Skeptics of the above argument could point to differences in disability worsening that at first glance appear to differ across studies. The ofatumumab clinical trials showed a statistically significant effect on confirmed disability progression (CDP); however, the ublituximab studies failed to show a statistically significant effect. Nonetheless, the magnitude of effect on 6-month CDP was nearly identical across the two studies: for ofatumumab, the hazard ratio (HR) was 0.68 (p = 0.01) and for ublituximab, the HR was 0.66 (p = NS). The event rates for CDP in the teriflunomide treatment arm differed across the studies with 4.8% versus 12.0% of teriflunomide-treated participants experiencing CDP in the ULTIMATE and ASCELEPIOS studies, respectively. Lower than expected CDP rates in the comparator arm and a much smaller study size (ASCLEPIOS enrolled 1882 participants, whereas ULTIMATE enrolled 1089) could underlie the differences in statistical significance for CDP across these studies. That ublituximab impacts disability is supported by the analysis of confirmed disability improvement that showed a HR of 2.03 (95% confidence interval (CI): 1.27, 3.25) favoring ublituximab. Finally, the HR for ocrelizumab versus thrice-weekly interferon beta-1a for 6-month CDP was 0.6. (p = 0.003), a result very similar to that for ofatumumab although the trials used different comparators. Data for an effect of rituximab on CDP are not available.

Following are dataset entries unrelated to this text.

(* Let $M$ be a matroid on a finite set $E$ with rank function $r$ and closure operator $\mathrm{cl}$, and let $\mathcal{C}$ be a family of circuits of $M$. Let $X\subseteq E$ and let $(C_1,\dots,C_t)$ be a proper $\mathcal{C}$-sequence. Then $r(X)\le|X\cup C_{\le t}|-t$. Moreover, if equality holds, then $C_{\le t}\subseteq\mathrm{cl}(X)$ and every $e\in X\setminus C_{\le t}$ is a coloop of $M|_X$.
   Context: For a sequence of circuits $(C_1,\dots,C_t)$, write $C_{\le i}=\bigcup_{j\le i}C_j$ and $C_{\le0}=\emptyset$. The sequence is proper if $C_i\not\subseteq C_{\le i-1}$ for all $2\le i\le t$. It is a $\mathcal{C}$-sequence if every $C_i$ belongs to $\mathcal{C}$. *)

theory Defs
  imports Main
begin

definition matroid :: "'a set \<Rightarrow> ('a set \<Rightarrow> bool) \<Rightarrow> bool" where
  "matroid E indep \<longleftrightarrow> finite E \<and> indep {} \<and>
     (\<forall>I. indep I \<longrightarrow> I \<subseteq> E) \<and>
     (\<forall>I J. indep J \<and> I \<subseteq> J \<longrightarrow> indep I) \<and>
     (\<forall>I J. indep I \<and> indep J \<and> card I < card J \<longrightarrow> (\<exists>e\<in>J - I. indep (insert e I)))"

definition rk :: "('a set \<Rightarrow> bool) \<Rightarrow> 'a set \<Rightarrow> nat" where
  "rk indep X = Max (card ` {I. I \<subseteq> X \<and> indep I})"

definition cl :: "'a set \<Rightarrow> ('a set \<Rightarrow> bool) \<Rightarrow> 'a set \<Rightarrow> 'a set" where
  "cl E indep X = {e \<in> E. rk indep (insert e X) = rk indep X}"

definition circuit :: "'a set \<Rightarrow> ('a set \<Rightarrow> bool) \<Rightarrow> 'a set \<Rightarrow> bool" where
  "circuit E indep C \<longleftrightarrow> C \<subseteq> E \<and> \<not> indep C \<and> (\<forall>D. D \<subset> C \<longrightarrow> indep D)"

definition basis :: "'a set \<Rightarrow> ('a set \<Rightarrow> bool) \<Rightarrow> 'a set \<Rightarrow> bool" where
  "basis E indep B \<longleftrightarrow> indep B \<and> B \<subseteq> E \<and> (\<forall>I. indep I \<and> I \<subseteq> E \<and> B \<subseteq> I \<longrightarrow> I = B)"

definition coloop :: "'a set \<Rightarrow> ('a set \<Rightarrow> bool) \<Rightarrow> 'a \<Rightarrow> bool" where
  "coloop E indep e \<longleftrightarrow> e \<in> E \<and> (\<forall>B. basis E indep B \<longrightarrow> e \<in> B)"

text \<open>Restriction M|X: ground set X, independent sets those of M contained in X.\<close>
definition restr_indep :: "('a set \<Rightarrow> bool) \<Rightarrow> 'a set \<Rightarrow> 'a set \<Rightarrow> bool" where
  "restr_indep indep X I \<longleftrightarrow> indep I \<and> I \<subseteq> X"

text \<open>Sequences (C_1,...,C_t) are lists; C_{\<le>i} is the union of the first i entries.\<close>
definition upto_union :: "'a set list \<Rightarrow> nat \<Rightarrow> 'a set" where
  "upto_union Cs i = \<Union> (set (take i Cs))"

text \<open>Proper: C_i not contained in C_{\<le>i-1} for 2 \<le> i \<le> t (0-based: 1 \<le> i < t).\<close>
definition proper_seq :: "'a set list \<Rightarrow> bool" where
  "proper_seq Cs \<longleftrightarrow> (\<forall>i. 1 \<le> i \<and> i < length Cs \<longrightarrow> \<not> (Cs ! i \<subseteq> upto_union Cs i))"

definition family_seq :: "'a set set \<Rightarrow> 'a set list \<Rightarrow> bool" where
  "family_seq \<C> Cs \<longleftrightarrow> set Cs \<subseteq> \<C>"

end

theory Submission
  imports Defs
begin

(* The nullity |A| - r(A) is monotone. In a proper sequence of circuits, C_i has an element e
   outside C_{<=i-1}, and e is spanned by C_i - e; so removing e from C_{<=i} keeps the rank,
   and each step raises the nullity of C_{<=i} by at least one. Hence X \<union> C_{<=t} has nullity
   at least t, which is the inequality. Equality forces r(X \<union> C_{<=t}) = r(X), i.e.
   C_{<=t} \<subseteq> cl(X); and for e in X - C_{<=t} it forces r((X \<union> C_{<=t}) - e) < r(X),
   so no basis of M|X avoids e. *)

definition nullity :: "('a set \<Rightarrow> bool) \<Rightarrow> 'a set \<Rightarrow> int" where
  "nullity indep A = int (card A) - int (rk indep A)"

lemma upto_union_0 [simp]: "upto_union Cs 0 = {}"
  unfolding upto_union_def by simp

lemma upto_union_Suc: "i < length Cs \<Longrightarrow> upto_union Cs (Suc i) = upto_union Cs i \<union> Cs ! i"
  unfolding upto_union_def by (auto simp add: take_Suc_conv_app_nth)

lemma upto_union_subset: "\<forall>C\<in>set Cs. C \<subseteq> E \<Longrightarrow> upto_union Cs i \<subseteq> E"
  unfolding upto_union_def by (auto dest!: in_set_takeD)

lemma proper_seq_new_elem:
  assumes "proper_seq Cs" "i < length Cs" "Cs ! i \<noteq> {}"
  obtains e where "e \<in> Cs ! i" "e \<notin> upto_union Cs i"
proof (cases "i = 0")
  case True
  then show ?thesis using assms(3) that by auto
next
  case False
  then have "\<not> Cs ! i \<subseteq> upto_union Cs i" using assms(1,2) unfolding proper_seq_def by simp
  then show ?thesis using that by blast
qed

context
  fixes E :: "'a set" and indep :: "'a set \<Rightarrow> bool"
  assumes M: "matroid E indep"
begin

lemma finite_ground: "finite E"
  using M unfolding matroid_def by blast

lemma indep_subset_ground: "indep I \<Longrightarrow> I \<subseteq> E"
  using M unfolding matroid_def by blast

lemma finite_indep: "indep I \<Longrightarrow> finite I"
  using finite_ground indep_subset_ground finite_subset by blast

lemma indep_empty: "indep {}"
  using M unfolding matroid_def by blast

lemma indep_subset: "indep J \<Longrightarrow> I \<subseteq> J \<Longrightarrow> indep I"
  using M unfolding matroid_def by blast

lemma indep_augment:
  "indep I \<Longrightarrow> indep J \<Longrightarrow> card I < card J \<Longrightarrow> \<exists>e\<in>J - I. indep (insert e I)"
  using M unfolding matroid_def by blast

lemma circuit_nonempty: "circuit E indep C \<Longrightarrow> C \<noteq> {}"
  using indep_empty unfolding circuit_def by blast

lemma finite_card_indep_subsets: "finite (card ` {I. I \<subseteq> X \<and> indep I})"
proof -
  have "{I. I \<subseteq> X \<and> indep I} \<subseteq> Pow E" using indep_subset_ground by blast
  then show ?thesis using finite_ground by (meson finite_Pow_iff finite_imageI finite_subset)
qed

lemma card_le_rk: "I \<subseteq> X \<Longrightarrow> indep I \<Longrightarrow> card I \<le> rk indep X"
  unfolding rk_def by (rule Max_ge[OF finite_card_indep_subsets]) blast

lemma obtain_indep_card_rk:
  obtains I where "I \<subseteq> X" "indep I" "card I = rk indep X"
proof -
  have "rk indep X \<in> card ` {I. I \<subseteq> X \<and> indep I}"
    unfolding rk_def using finite_card_indep_subsets indep_empty by (intro Max_in) auto
  then show ?thesis using that by auto
qed

lemma rk_mono: "X \<subseteq> Y \<Longrightarrow> rk indep X \<le> rk indep Y"
  by (metis obtain_indep_card_rk card_le_rk subset_trans)

lemma rk_le_card: "finite X \<Longrightarrow> rk indep X \<le> card X"
  by (metis obtain_indep_card_rk card_mono)

lemma rk_le_rk_plus_card_Diff:
  assumes "finite B"
  shows "rk indep B \<le> rk indep A + card (B - A)"
proof -
  obtain I where I: "I \<subseteq> B" "indep I" "card I = rk indep B" by (rule obtain_indep_card_rk)
  have "card I \<le> card (I \<inter> A) + card (I - A)"
    by (metis Int_Diff_Un card_Un_le)
  moreover have "card (I \<inter> A) \<le> rk indep A"
    using I(2) by (intro card_le_rk) (auto elim: indep_subset)
  moreover have "card (I - A) \<le> card (B - A)"
    using I(1) assms by (intro card_mono) auto
  ultimately show ?thesis using I(3) by linarith
qed

lemma indep_extend_to_rk:
  assumes "indep J" "J \<subseteq> X"
  obtains K where "J \<subseteq> K" "K \<subseteq> X" "indep K" "card K = rk indep X"
proof -
  let ?S = "{K. J \<subseteq> K \<and> K \<subseteq> X \<and> indep K}"
  have "\<forall>K\<in>?S. card K < Suc (card E)"
    using finite_ground indep_subset_ground by (auto simp: le_imp_less_Suc card_mono)
  then obtain K where K: "K \<in> ?S" and K_max: "\<And>K'. K' \<in> ?S \<Longrightarrow> card K' \<le> card K"
    using ex_has_greatest_nat[of "\<lambda>K. K \<in> ?S" J card "Suc (card E)"] assms by blast
  obtain I where I: "I \<subseteq> X" "indep I" "card I = rk indep X" by (rule obtain_indep_card_rk)
  have "\<not> card K < card I"
  proof
    assume "card K < card I"
    then obtain f where f: "f \<in> I - K" "indep (insert f K)"
      using indep_augment I(2) K by blast
    then have "card (insert f K) \<le> card K" using K I(1) by (intro K_max) auto
    then show False using f(1) finite_indep K by simp
  qed
  moreover have "card K \<le> rk indep X" using K card_le_rk by blast
  ultimately show ?thesis using that K I(3) by force
qed

lemma card_basis_restr:
  assumes "basis X (restr_indep indep X) B"
  shows "card B = rk indep X"
proof -
  have B: "indep B" "B \<subseteq> X" using assms unfolding basis_def restr_indep_def by auto
  obtain K where K: "B \<subseteq> K" "K \<subseteq> X" "indep K" "card K = rk indep X"
    using indep_extend_to_rk[OF B] .
  then have "K = B" using assms unfolding basis_def restr_indep_def by blast
  then show ?thesis using K(4) by simp
qed

lemma rk_Diff_circuit_elem:
  assumes "circuit E indep C" "e \<in> C" "C \<subseteq> B"
  shows "rk indep (B - {e}) = rk indep B"
proof -
  have "indep (C - {e})" "C - {e} \<subseteq> B" using assms unfolding circuit_def by auto
  then obtain K where K: "C - {e} \<subseteq> K" "K \<subseteq> B" "indep K" "card K = rk indep B"
    by (rule indep_extend_to_rk)
  have "e \<notin> K"
  proof
    assume "e \<in> K"
    then have "C \<subseteq> K" using K(1) by blast
    then show False using assms(1) K(3) indep_subset unfolding circuit_def by blast
  qed
  then have "rk indep B \<le> rk indep (B - {e})" using K by (metis card_le_rk Diff_empty subset_Diff_insert)
  then show ?thesis using rk_mono[of "B - {e}" B] by simp
qed

lemma nullity_mono: "A \<subseteq> B \<Longrightarrow> finite B \<Longrightarrow> nullity indep A \<le> nullity indep B"
  using rk_le_rk_plus_card_Diff[of B A] card_Diff_subset[of A B]
    card_mono[of B A] finite_subset[of A B]
  unfolding nullity_def by (simp add: of_nat_diff)

lemma nullity_Diff_circuit_elem:
  assumes "circuit E indep C" "e \<in> C" "C \<subseteq> B" "finite B"
  shows "nullity indep B = nullity indep (B - {e}) + 1"
  using rk_Diff_circuit_elem[OF assms(1-3)] card_Suc_Diff1[OF assms(4), of e] assms(2,3)
  unfolding nullity_def by auto

lemma nullity_upto_union_ge:
  assumes "proper_seq Cs" "\<forall>C\<in>set Cs. circuit E indep C" "i \<le> length Cs"
  shows "int i \<le> nullity indep (upto_union Cs i)"
  using assms(3)
proof (induction i)
  case 0
  then show ?case using rk_le_card[of "{}"] by (simp add: nullity_def)
next
  case (Suc i)
  let ?A = "upto_union Cs i" and ?B = "upto_union Cs (Suc i)" and ?C = "Cs ! i"
  have i: "i < length Cs" using Suc.prems by simp
  have C: "circuit E indep ?C" using assms(2) i by simp
  obtain e where e: "e \<in> ?C" "e \<notin> ?A"
    using proper_seq_new_elem[OF assms(1) i circuit_nonempty[OF C]] .
  have B: "?B = ?A \<union> ?C" by (rule upto_union_Suc[OF i])
  have "finite ?B"
    using assms(2) upto_union_subset finite_ground finite_subset unfolding circuit_def by metis
  then have "nullity indep ?A + 1 \<le> nullity indep (?B - {e}) + 1"
    using B e nullity_mono[of ?A "?B - {e}"] by auto
  also have "\<dots> = nullity indep ?B"
    using nullity_Diff_circuit_elem[OF C e(1)] B \<open>finite ?B\<close> by simp
  finally show ?case using Suc i by simp
qed

lemma subset_cl_if_rk_eq:
  assumes "X \<subseteq> Y" "Y \<subseteq> E" "rk indep Y = rk indep X"
  shows "Y \<subseteq> cl E indep X"
proof
  fix e assume "e \<in> Y"
  then have "rk indep X \<le> rk indep (insert e X)" "rk indep (insert e X) \<le> rk indep Y"
    using assms(1) by (auto intro: rk_mono)
  then show "e \<in> cl E indep X" using assms \<open>e \<in> Y\<close> unfolding cl_def by auto
qed

lemma coloop_restr_if_rk_Diff_less:
  assumes "X \<subseteq> Y" "e \<in> X" "rk indep (Y - {e}) < rk indep X"
  shows "coloop X (restr_indep indep X) e"
proof -
  have "e \<in> B" if B: "basis X (restr_indep indep X) B" for B
  proof (rule ccontr)
    assume "e \<notin> B"
    then have "B \<subseteq> Y - {e}" "indep B"
      using B assms(1) unfolding basis_def restr_indep_def by auto
    then have "card B \<le> rk indep (Y - {e})" by (rule card_le_rk)
    then show False using assms(3) card_basis_restr[OF B] by simp
  qed
  then show ?thesis using assms(2) unfolding coloop_def by blast
qed

end

theorem lemma3p2:
  fixes E :: "'a set" and indep :: "'a set \<Rightarrow> bool"
    and \<C> :: "'a set set" and X :: "'a set" and Cs :: "'a set list"
  assumes "matroid E indep"
    and "\<forall>C\<in>\<C>. circuit E indep C"
    and "X \<subseteq> E"
    and "proper_seq Cs" and "family_seq \<C> Cs"
  shows "int (rk indep X) \<le> int (card (X \<union> upto_union Cs (length Cs))) - int (length Cs) \<and>
         (int (rk indep X) = int (card (X \<union> upto_union Cs (length Cs))) - int (length Cs) \<longrightarrow>
           upto_union Cs (length Cs) \<subseteq> cl E indep X \<and>
           (\<forall>e \<in> X - upto_union Cs (length Cs). coloop X (restr_indep indep X) e))"
proof -
  note M = assms(1)
  let ?U = "upto_union Cs (length Cs)" and ?Z = "X \<union> upto_union Cs (length Cs)"
  have circuits: "\<forall>C\<in>set Cs. circuit E indep C" using assms(2,5) unfolding family_seq_def by blast
  have "?U \<subseteq> E" using circuits upto_union_subset unfolding circuit_def by metis
  then have Z: "?Z \<subseteq> E" "finite ?Z" using assms(3) finite_ground[OF M] finite_subset by auto
  have "int (length Cs) \<le> nullity indep ?U" using nullity_upto_union_ge[OF M assms(4) circuits] by simp
  then have null: "int (length Cs) \<le> nullity indep A" if "?U \<subseteq> A" "A \<subseteq> ?Z" for A
    using nullity_mono[OF M that(1)] finite_subset[OF that(2) Z(2)] by simp
  have rk_XZ: "rk indep X \<le> rk indep ?Z" by (simp add: rk_mono[OF M])
  have null_Z: "int (length Cs) \<le> nullity indep ?Z" by (rule null) auto
  show ?thesis
  proof (intro conjI impI)
    show "int (rk indep X) \<le> int (card ?Z) - int (length Cs)"
      using null_Z rk_XZ unfolding nullity_def by simp
    assume eq: "int (rk indep X) = int (card ?Z) - int (length Cs)"
    then have "rk indep ?Z = rk indep X" using null_Z rk_XZ unfolding nullity_def by simp
    then have "?Z \<subseteq> cl E indep X" using subset_cl_if_rk_eq[OF M _ Z(1)] by blast
    then show "?U \<subseteq> cl E indep X" by blast
    show "\<forall>e \<in> X - ?U. coloop X (restr_indep indep X) e"
    proof
      fix e assume e: "e \<in> X - ?U"
      then have "card ?Z = Suc (card (?Z - {e}))" using card_Suc_Diff1[OF Z(2), of e] by simp
      moreover have "int (length Cs) \<le> nullity indep (?Z - {e})" using e by (intro null) auto
      ultimately have "rk indep (?Z - {e}) < rk indep X" using eq unfolding nullity_def by simp
      then show "coloop X (restr_indep indep X) e"
        using coloop_restr_if_rk_Diff_less[OF M, of X ?Z] e by blast
    qed
  qed
qed

end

Safety concerns for anti-CD20 MAbs are generally shared although there are some important differences. Three of the products (rituximab, ocrelizumab, ublituximab) are infused intravenously and are associated with infusion reactions, whereas ofatumumab is self-injected and therefore is associated with injection reactions rather than infusion reactions. Furthermore, the need for diphenhydramine as a pre-medication to prevent infusion reactions depends on the infused MAb. The risk of infections, including opportunistic infections, also appears to be similar across these products and is directly linked to B-cell depletion. Finally, vaccination responses to Covid-19 RNA-based vaccines are probably similarly suppressed across all products although such data for ublituximab are not yet available.

In summary, anti-CD20 MAbs exert their therapeutic benefit through a common mechanism of action: the robust and sustained depletion of B cells. Phase 3 data for three of the four MAbs (ocrelizumab, ofatumumab, ublituximab) show strikingly similar effects on clinical and radiographic measures of disease activity. Furthermore, ocrelizumab and ofatumumab have similar effects on CDP, whereas ublituximab’s effect, although not statistically significant, showed a similar magnitude. Phase 3 data for rituximab are not available; however, the widespread clinical use of this product in Sweden ⁷ is consistent with a clinical benefit that may be comparable to other products. Therefore, difference in clinical use of these medications will be based on routes of administration, duration of infusion, need for concomitant pre-medications, and patient and provider access to treatment.